Häussler and colleagues described a series of 21 children with appendicitis. Seven patients had a non-perforated appendix, five patients with ulcerous appendicitis, five patients with chronic appendicitis, and four patients had a perforated appendix. Nine (42.9%) patients developed a cerebrospinal fluid (CSF) infection, including 100% of the patients with perforated appendicitis. None of the patients were initially externalized. One patient out of the seven patients with a non-perforated appendix developed a CSF infection and had their shunt externalized. Three patients out of the four patients that had a perforated appendix had their shunts externalized. Two patients developed pseudocysts. One patient died. According to their findings, there seems to be a slightly higher risk of VP shunt infection following a ruptured appendix [14].

Pumberger and colleagues presented a series of six children, three with a perforated appendix (50%), and three with a non-perforated appendix (50%). None underwent shunt externalization, and none of the patients showed shunt complications related to the surgery or appendicitis. The authors concluded that the VP shunt system may be left in place in the case of appendicitis due to the low risk of infection [9].

Barina et al. looked at five adults, four with perforated appendicitis and one with gangrenous appendicitis. One patient’s VP shunt was discontinued following discovery of a Gram-positive cocci in the peritoneal fluid. No shunt infections occurred, and the authors concluded that the presence of a VP shunt does not increase risk of postoperative complication in patients undergoing appendectomy for appendicitis. The authors did recommend that several precautions be taken to reduce risk of shunt infection, such as taking care to eliminate any concurrent infection prior to elective surgery or administering perioperative antibiotic prophylaxis [4].

Dalfino and colleagues describe a series of seven patients with acute peritonitis, two of whom had a ruptured appendix. During the follow-up interval of 18.5 months no patients developed a VP shunt infection. However, all patients were treated with antibiotics. The authors suggest that externalization of the shunt should be considered only if it presents less risk to the patient than leaving it in place [11].

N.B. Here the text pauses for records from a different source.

(* Let $\mathcal{G}_n$ be the set of binary words $w=w_1\cdots w_{2n}$ with $n$ zeros and $n$ ones. For $w\in\mathcal{G}_n$ define $\mathrm{sz}(w)=|\{i\in[n]: w_i=w_{2n+1-i}=0\}|$, $o_{00}(w)=|\{i\in[n]: w_{2i-1}w_{2i}=00\}|$, and $\#_{001}(w)$ the number of indices $j$ with $w_jw_{j+1}w_{j+2}=001$. Then for all $n,k$, $$|\{w\in\mathcal{G}_n:\mathrm{sz}(w)=k\}|=|\{w\in\mathcal{G}_n:o_{00}(w)=k\}|=|\{w\in\mathcal{G}_n:\#_{001}(w)=k\}|.$$
   Context: $[n]=\{1,2,\dots,n\}$. Occurrences of $001$ are as consecutive subwords. *)

theory Defs
  imports Main
begin

text \<open>Binary words are lists over {0,1} (as naturals); position i (1-based) is w ! (i - 1).\<close>

definition G :: "nat \<Rightarrow> nat list set" where
  "G n = {w. length w = 2 * n \<and> set w \<subseteq> {0, 1} \<and> length (filter (\<lambda>x. x = 0) w) = n}"

definition sz :: "nat list \<Rightarrow> nat" where
  "sz w = (let n = length w div 2 in
     card {i \<in> {1..n}. w ! (i - 1) = 0 \<and> w ! (2 * n + 1 - i - 1) = 0})"

definition o00 :: "nat list \<Rightarrow> nat" where
  "o00 w = (let n = length w div 2 in
     card {i \<in> {1..n}. w ! (2 * i - 1 - 1) = 0 \<and> w ! (2 * i - 1) = 0})"

definition occ001 :: "nat list \<Rightarrow> nat" where
  "occ001 w = card {j \<in> {1..length w}. j + 2 \<le> length w \<and>
      w ! (j - 1) = 0 \<and> w ! j = 0 \<and> w ! (j + 1) = 1}"

end

theory Submission
  imports Defs "HOL-Combinatorics.Permutations"
begin

(* Reading w_i next to w_(2n+1-i) is a permutation of positions that turns sz into o00.

   For the second equality, words with o00 = k and words with k occurrences of 001 are both
   encoded bijectively by the pairs (s, b) in codes n k: s is a word of length n over
   Lead0, Lead1, Lead2 with k letters Lead2, and b is a binary word of length #Lead0(s) with
   k ones.  A word is cut into the pairs 1x, 01, 00, recorded in s as Lead0, Lead1, Lead2,
   and b lists the letters x; then the Lead2 are the pairs 00.  Alternatively, each of the
   ones of a word is recorded in s as Lead0, Lead1 or Lead2 according as it is preceded by
   no zero, exactly one zero, or at least two zeros, so that the Lead2 are the occurrences
   of 001; now b keeps the zeros that s does not account for: a run 0^r 1 with r >= 2
   contributes 0^(r-2) 1, and the final run of zeros contributes itself.  Each encoding
   satisfies one of the conditions |b| = #Lead0(s) and #1(b) = #Lead2(s) automatically, and
   having as many zeros as ones amounts to the other. *)

lemma bij_betw_by_inverse_on_superset:
  assumes "A \<subseteq> W"
    and "\<And>w. w \<in> W \<Longrightarrow> dec (enc w) = w"
    and "\<And>c. c \<in> C \<Longrightarrow> enc (dec c) = c \<and> dec c \<in> W"
    and "\<And>w. w \<in> W \<Longrightarrow> enc w \<in> C \<longleftrightarrow> w \<in> A"
  shows "bij_betw enc A C"
proof (rule bij_betw_byWitness[where f' = dec])
  show "dec ` C \<subseteq> A"
    using assms(3,4) by (metis image_subsetI)
qed (use assms in auto)

lemma card_filter_atLeastAtMost_Suc:
  "card {j \<in> {1..Suc m}. P j} = (if P 1 then 1 else 0) + card {j \<in> {1..m}. P (Suc j)}"
proof -
  have "{j \<in> {1..Suc m}. P j} = (if P 1 then {1} else {}) \<union> Suc ` {j \<in> {1..m}. P (Suc j)}"
  proof (intro set_eqI iffI)
    fix j
    assume "j \<in> {j \<in> {1..Suc m}. P j}"
    then show "j \<in> (if P 1 then {1} else {}) \<union> Suc ` {j \<in> {1..m}. P (Suc j)}"
      by (cases "j = 1") (auto simp: image_iff intro!: exI[of _ "j - 1"])
  qed (auto split: if_splits)
  then show ?thesis
    by (simp add: card_image card_insert_if image_iff)
qed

Hadani and colleagues followed two patients, one with a perforated appendix and one with a phlegmonous appendix. Both patients’ shunts were externalized, and the authors assert that shunt externalization in patients who exhibit acute abdominal symptoms is essential and may prevent unnecessary laparotomy. One of the patients died after developing septicemia. The CSF culture showed growth of Escherichia coli [15].

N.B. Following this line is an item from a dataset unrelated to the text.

(* For each $n\geq1$, the chromatic polynomial of $\Sigma_n$ is $\chi(\Sigma_n,\lambda)=(-1)^{3^n-1}\lambda P_n(\lambda)$, where $P_n=P_{2,n}+3P_{1,n}+P_{0,n}$ and $P_{i,n}(\lambda)=H_{i,n}(1-\lambda,0)$ for $i=0,1,2$.
   Context: Graphs are finite. For a graph $G$, a spanning subgraph $A$ has vertex set $V(G)$ and edge set $E(A)\subseteq E(G)$; $k(A)$ is its number of components, $r(A)=|V(G)|-k(A)$, $n(A)=|E(A)|-r(A)$; the weight of $A$ is $(x-1)^{r(G)-r(A)}(y-1)^{n(A)}$. The graphs $\Sigma_n$ ($n\ge1$; Schreier graphs of the Hanoi Towers group $H^{(3)}$ with loops removed) each have three outmost vertices top, left, right: $\Sigma_1$ is the triangle $K_3$; $\Sigma_{n+1}$ is the disjoint union of three copies $G_1,G_2,G_3$ of $\Sigma_n$ together with three new edges joining left$(G_1)$ to top$(G_2)$, right$(G_1)$ to top$(G_3)$, and right$(G_2)$ to left$(G_3)$; its outmost vertices are top$(G_1)$, left$(G_2)$, right$(G_3)$. $H_{2,n}$ (resp. $H_{1,n}$, $H_{0,n}$) is the sum of the weights (with $G=\Sigma_n$) of the spanning subgraphs of $\Sigma_n$ in which the three outmost vertices lie in one component (resp. left and right outmost in one component, top in another; resp. the three in three distinct components). $\chi(G,\lambda)$ is the number of proper colorings of the vertices of $G$ with $\lambda$ colors. *)

theory Defs
  imports "HOL-Library.FuncSet"
begin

Although the literature shows differing rates of infection and shunt externalization practices, our results demonstrate significant rates of shunt infection with acute appendicitis. Although shunt externalization is not without its risks, externalizing shunts may be able to prevent serious infection, and might be the safest option for these patients [16].

Our analysis was not without limitations. The major limitation of this study was that it was retrospective. Furthermore, due to the nature of the database, we were unable to collect patient-level data on specific outcomes. We were unable to report on radiology information. We do not have information on the type of diagnostic test used for confirmation of disease. The data collected was for billing purposes, not for clinical use, and thus much clinical information is missing. In addition, some misidentification is inevitable in database studies.

Conclusions

There is a limitation of not being able to determine if the appendix was ruptured or unruptured in this study. Nevertheless, our results suggests that shunt externalization should be strongly considered in patients with appendicitis given high rates of shunt infection. Because shunt externalization is not without its risks, this decision should be made within the clinical context of each individual patient.